From the entries below, return every line that includes the word "linarith".
DATA IN THIS EXERCISE START
lemma compact_projection_sublevel:
  fixes g :: "'a::t2_space \<times> 'b::t2_space \<Rightarrow> real"
  assumes "compact A" "compact T" "continuous_on (A \<times> T) g"
  shows "compact {y \<in> A. \<exists>p\<in>T. g (y, p) \<le> c}"
proof -
  have "closed ((A \<times> T) \<inter> g -` {..c})"
    using assms by (intro continuous_closed_preimage) (auto simp: closed_Times compact_imp_closed)
  then have "compact ((A \<times> T) \<inter> ((A \<times> T) \<inter> g -` {..c}))"
    using compact_Times[OF assms(1,2)] by (rule compact_Int_closed[rotated])
  then have "compact (fst ` ((A \<times> T) \<inter> g -` {..c}))"
    by (simp add: Int_absorb1 compact_continuous_image continuous_on_fst)
  moreover have "fst ` ((A \<times> T) \<inter> g -` {..c}) = {y \<in> A. \<exists>p\<in>T. g (y, p) \<le> c}" by force
  ultimately show ?thesis by simp
qed

section \<open>Cubes and slabs\<close>

lemma cball_subset_cube:
  fixes c :: "'a::euclidean_space" and r :: real
  shows "cball c r \<subseteq> cbox (c - r *\<^sub>R One) (c + r *\<^sub>R One)"
proof
  fix y assume "y \<in> cball c r"
  then have "norm (y - c) \<le> r" by (simp add: dist_norm norm_minus_commute)
  then have "\<bar>(y - c) \<bullet> i\<bar> \<le> r" if "i \<in> Basis" for i
    using Basis_le_norm[OF that, of "y - c"] by simp
  then show "y \<in> cbox (c - r *\<^sub>R One) (c + r *\<^sub>R One)"
    by (force simp: mem_box inner_diff_left inner_add_left abs_le_iff)
qed

lemma emeasure_cube:
  fixes c :: "'a::euclidean_space" and r :: real
  assumes "0 \<le> r"
  shows "emeasure lebesgue (cbox (c - r *\<^sub>R One) (c + r *\<^sub>R One)) = ennreal ((2 * r) ^ DIM('a))"
    and "emeasure lebesgue (box (c - r *\<^sub>R One) (c + r *\<^sub>R One)) = ennreal ((2 * r) ^ DIM('a))"
  using assms by (simp_all add: emeasure_lborel_cbox_eq emeasure_lborel_box_eq inner_diff_left
      inner_add_left algebra_simps prod_constant)

lemma norm_le_of_mem_cube:
  fixes c :: "'a::euclidean_space" and r :: real
  assumes "p \<in> cbox (c - r *\<^sub>R One) (c + r *\<^sub>R One)"
  shows "norm (p - c) \<le> DIM('a) * r"
proof -
  have "\<bar>(p - c) \<bullet> i\<bar> \<le> r" if "i \<in> Basis" for i
    using assms that by (auto simp: mem_box inner_diff_left inner_add_left abs_le_iff)
  then have "(\<Sum>i\<in>Basis. \<bar>(p - c) \<bullet> i\<bar>) \<le> (\<Sum>i\<in>(Basis::'a set). r)" by (intro sum_mono) auto
  then show ?thesis using norm_le_l1[of "p - c"] by simp
qed

lemma disjoint_open_cubes:
  fixes c c' :: "'a::euclidean_space" and r :: real
  assumes "2 * DIM('a) * r \<le> norm (c - c')"
  shows "box (c - r *\<^sub>R One) (c + r *\<^sub>R One) \<inter> box (c' - r *\<^sub>R One) (c' + r *\<^sub>R One) = {}"
proof (rule ccontr)
  assume "\<not> ?thesis"
  then obtain p where p: "p \<in> box (c - r *\<^sub>R One) (c + r *\<^sub>R One)" "p \<in> box (c' - r *\<^sub>R One) (c' + r *\<^sub>R One)"
    by blast
  have "\<bar>(c - c') \<bullet> i\<bar> < 2 * r" if "i \<in> Basis" for i
  proof -
    have "c \<bullet> i - r < p \<bullet> i" "p \<bullet> i < c \<bullet> i + r" "c' \<bullet> i - r < p \<bullet> i" "p \<bullet> i < c' \<bullet> i + r"
      using p that by (auto simp: mem_box inner_diff_left inner_add_left)
    then show ?thesis by (simp add: inner_diff_left abs_less_iff)
  qed
  then have "(\<Sum>i\<in>Basis. \<bar>(c - c') \<bullet> i\<bar>) < (\<Sum>i\<in>(Basis::'a set). 2 * r)"
    by (intro sum_strict_mono) auto
  then have "norm (c - c') < DIM('a) * (2 * r)" using norm_le_l1[of "c - c'"] by simp
  then show False using assms by (simp add: algebra_simps)
qed

lemma unit_vector_component_bounds:
  fixes p \<nu> :: "'a::real_inner"
  assumes "norm \<nu> = 1" "norm (p - c *\<^sub>R \<nu>) \<le> b"
  shows "\<bar>p \<bullet> \<nu> - c\<bar> \<le> b" "norm (p - (p \<bullet> \<nu>) *\<^sub>R \<nu>) \<le> b"
proof -
  define w where "w = p - c *\<^sub>R \<nu>"
  have \<nu>\<nu>: "\<nu> \<bullet> \<nu> = 1" using assms(1) by (simp add: dot_square_norm)
  have "\<bar>w \<bullet> \<nu>\<bar> \<le> norm w" using Cauchy_Schwarz_ineq2[of w \<nu>] assms(1) by simp
  then show "\<bar>p \<bullet> \<nu> - c\<bar> \<le> b" using assms(2) \<nu>\<nu> by (simp add: w_def inner_diff_left)
  have "(norm (w - (w \<bullet> \<nu>) *\<^sub>R \<nu>))\<^sup>2 = w \<bullet> w - (w \<bullet> \<nu>)\<^sup>2"
    unfolding power2_norm_eq_inner
    by (simp add: inner_diff_left inner_diff_right \<nu>\<nu> inner_commute power2_eq_square)
  also have "\<dots> \<le> (norm w)\<^sup>2" by (simp add: power2_norm_eq_inner)
  finally have "(norm (w - (w \<bullet> \<nu>) *\<^sub>R \<nu>))\<^sup>2 \<le> (norm w)\<^sup>2" .
  then have "norm (w - (w \<bullet> \<nu>) *\<^sub>R \<nu>) \<le> norm w" by (rule power2_le_imp_le) simp
  moreover have "p - (p \<bullet> \<nu>) *\<^sub>R \<nu> = w - (w \<bullet> \<nu>) *\<^sub>R \<nu>"
    by (simp add: w_def inner_diff_left \<nu>\<nu> algebra_simps)
  ultimately have "norm (p - (p \<bullet> \<nu>) *\<^sub>R \<nu>) \<le> norm w" by simp
  then show "norm (p - (p \<bullet> \<nu>) *\<^sub>R \<nu>) \<le> b" using assms(2) by (simp add: w_def)
qed

definition cube_column :: "'a::euclidean_space \<Rightarrow> real \<Rightarrow> real \<Rightarrow> nat \<Rightarrow> 'a set" where
  "cube_column \<nu> a b N = (\<Union>j<N. cbox ((a + (2 * real j + 1) * b) *\<^sub>R \<nu> - (b / DIM('a)) *\<^sub>R One)
                                        ((a + (2 * real j + 1) * b) *\<^sub>R \<nu> + (b / DIM('a)) *\<^sub>R One))"

lemma compact_cube_column: "compact (cube_column \<nu> a b N)"
  unfolding cube_column_def by (intro compact_UN) auto

lemma mem_cube_column_bounds:
  fixes \<nu> :: "'a::euclidean_space"
  assumes "norm \<nu> = 1" "p \<in> cube_column \<nu> a b N"
  shows "a \<le> p \<bullet> \<nu>" "p \<bullet> \<nu> \<le> a + 2 * b * N" "norm (p - (p \<bullet> \<nu>) *\<^sub>R \<nu>) \<le> b"
proof -
  obtain j where j: "j < N"
    "p \<in> cbox ((a + (2 * real j + 1) * b) *\<^sub>R \<nu> - (b / DIM('a)) *\<^sub>R One)
                ((a + (2 * real j + 1) * b) *\<^sub>R \<nu> + (b / DIM('a)) *\<^sub>R One)"
    using assms(2) by (auto simp: cube_column_def)
  then have "norm (p - (a + (2 * real j + 1) * b) *\<^sub>R \<nu>) \<le> b"
    using norm_le_of_mem_cube[OF j(2)] by simp
  note bounds = unit_vector_component_bounds[OF assms(1) this]
  from bounds(1) have "b \<ge> 0" by linarith
  moreover have "real j + 1 \<le> real N" using j(1) by linarith
  ultimately have "(2 * real j + 2) * b \<le> 2 * b * N"
    using mult_right_mono[of "real j + 1" "real N" b] by (simp add: algebra_simps)
  moreover have "0 \<le> b * real j" using \<open>b \<ge> 0\<close> by simp
  moreover have "a + 2 * (b * real j) \<le> p \<bullet> \<nu>" "p \<bullet> \<nu> \<le> a + (2 * real j + 2) * b"
    using bounds(1) by (auto simp: abs_le_iff algebra_simps)
  ultimately show "a \<le> p \<bullet> \<nu>" "p \<bullet> \<nu> \<le> a + 2 * b * N" by linarith+
  show "norm (p - (p \<bullet> \<nu>) *\<^sub>R \<nu>) \<le> b" by (rule bounds(2))
qed

lemma emeasure_cube_column_ge:
  fixes \<nu> :: "'a::euclidean_space"
  assumes "norm \<nu> = 1" "0 < b"
  shows "ennreal (N * (2 * b / DIM('a)) ^ DIM('a)) \<le> emeasure lebesgue (cube_column \<nu> a b N)"
proof -
  define c where "c j = (a + (2 * real j + 1) * b) *\<^sub>R \<nu>" for j :: nat
  define r where "r = b / DIM('a)"
  define Q where "Q j = box (c j - r *\<^sub>R One) (c j + r *\<^sub>R One)" for j
  have r: "0 < r" using assms(2) by (simp add: r_def)
  have "disjoint_family_on Q {..<N}"
  proof (unfold disjoint_family_on_def, intro ballI impI)
    fix i j assume "i \<in> {..<N}" "j \<in> {..<N}" "i \<noteq> j"
    then have "1 \<le> \<bar>real i - real j\<bar>" by linarith
    then have "2 * b \<le> 2 * b * \<bar>real i - real j\<bar>" using assms(2) by simp
    also have "\<dots> = norm (c i - c j)"
    proof -
      have "c i - c j = (2 * b * (real i - real j)) *\<^sub>R \<nu>"
        unfolding c_def scaleR_diff_left[symmetric] by (simp add: algebra_simps)
      then show ?thesis using assms by (simp add: abs_mult)
    qed
    finally show "Q i \<inter> Q j = {}"
      unfolding Q_def by (intro disjoint_open_cubes) (simp add: r_def)
  qed
  then have "emeasure lebesgue (\<Union>j<N. Q j) = (\<Sum>j<N. emeasure lebesgue (Q j))"
    by (intro sum_emeasure[symmetric]) (auto simp: Q_def[abs_def])
  also have "\<dots> = (\<Sum>j<N. ennreal ((2 * r) ^ DIM('a)))"
  proof (rule sum.cong[OF refl])
    show "emeasure lebesgue (Q j) = ennreal ((2 * r) ^ DIM('a))" for j
      unfolding Q_def by (rule emeasure_cube(2)) (use r in simp)
  qed
  also have "\<dots> = ennreal (N * (2 * r) ^ DIM('a))" using r by (subst sum_ennreal) auto
  finally have "emeasure lebesgue (\<Union>j<N. Q j) = ennreal (N * (2 * b / DIM('a)) ^ DIM('a))"
    by (simp add: r_def)
  moreover have "(\<Union>j<N. Q j) \<subseteq> cube_column \<nu> a b N"
    unfolding Q_def cube_column_def c_def r_def using box_subset_cbox by fast
  moreover have "cube_column \<nu> a b N \<in> sets lebesgue"
    using lmeasurable_compact[OF compact_cube_column] by (rule fmeasurableD)
  ultimately show ?thesis using emeasure_mono by metis
qed

lemma disjoint_translates_of_slab:
  fixes \<nu> :: "'a::real_inner"
  assumes "norm \<nu> = 1" "0 < w" "A \<subseteq> {y. c \<le> \<nu> \<bullet> y \<and> \<nu> \<bullet> y < c + w}"
  shows "disjoint_family (\<lambda>j::nat. (+) ((w * j) *\<^sub>R \<nu>) ` A)"
proof (unfold disjoint_family_on_def, intro ballI impI)
  fix i j :: nat assume "i \<noteq> j"
  show "(+) ((w * i) *\<^sub>R \<nu>) ` A \<inter> (+) ((w * j) *\<^sub>R \<nu>) ` A = {}"
  proof (rule ccontr)
    assume "\<not> ?thesis"
    then obtain y1 y2 where y: "y1 \<in> A" "y2 \<in> A" "(w * i) *\<^sub>R \<nu> + y1 = (w * j) *\<^sub>R \<nu> + y2"
      by auto
    have "\<nu> \<bullet> \<nu> = 1" using assms(1) by (simp add: dot_square_norm)
    then have "w * i + \<nu> \<bullet> y1 = w * j + \<nu> \<bullet> y2"
      using arg_cong[OF y(3), of "inner \<nu>"] by (simp add: inner_add_right)
    moreover have "c \<le> \<nu> \<bullet> y1" "\<nu> \<bullet> y1 < c + w" "c \<le> \<nu> \<bullet> y2" "\<nu> \<bullet> y2 < c + w"
      using y(1,2) assms(3) by auto
    ultimately have "w * real i < w * (real j + 1)" "w * real j < w * (real i + 1)"
      by (simp_all add: algebra_simps)
    then have "\<bar>real i - real j\<bar> < 1" using assms(2) by (simp add: abs_less_iff)
    then show False using \<open>i \<noteq> j\<close> by linarith
  qed
qed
DATA IN THIS EXERCISE END
* _WRITTEN RESPONSE_
  from bounds(1) have "b \<ge> 0" by linarith
  moreover have "real j + 1 \<le> real N" using j(1) by linarith
  ultimately show "a \<le> p \<bullet> \<nu>" "p \<bullet> \<nu> \<le> a + 2 * b * N" by linarith+
    then have "1 \<le> \<bar>real i - real j\<bar>" by linarith
    then show False using \<open>i \<noteq> j\<close> by linarith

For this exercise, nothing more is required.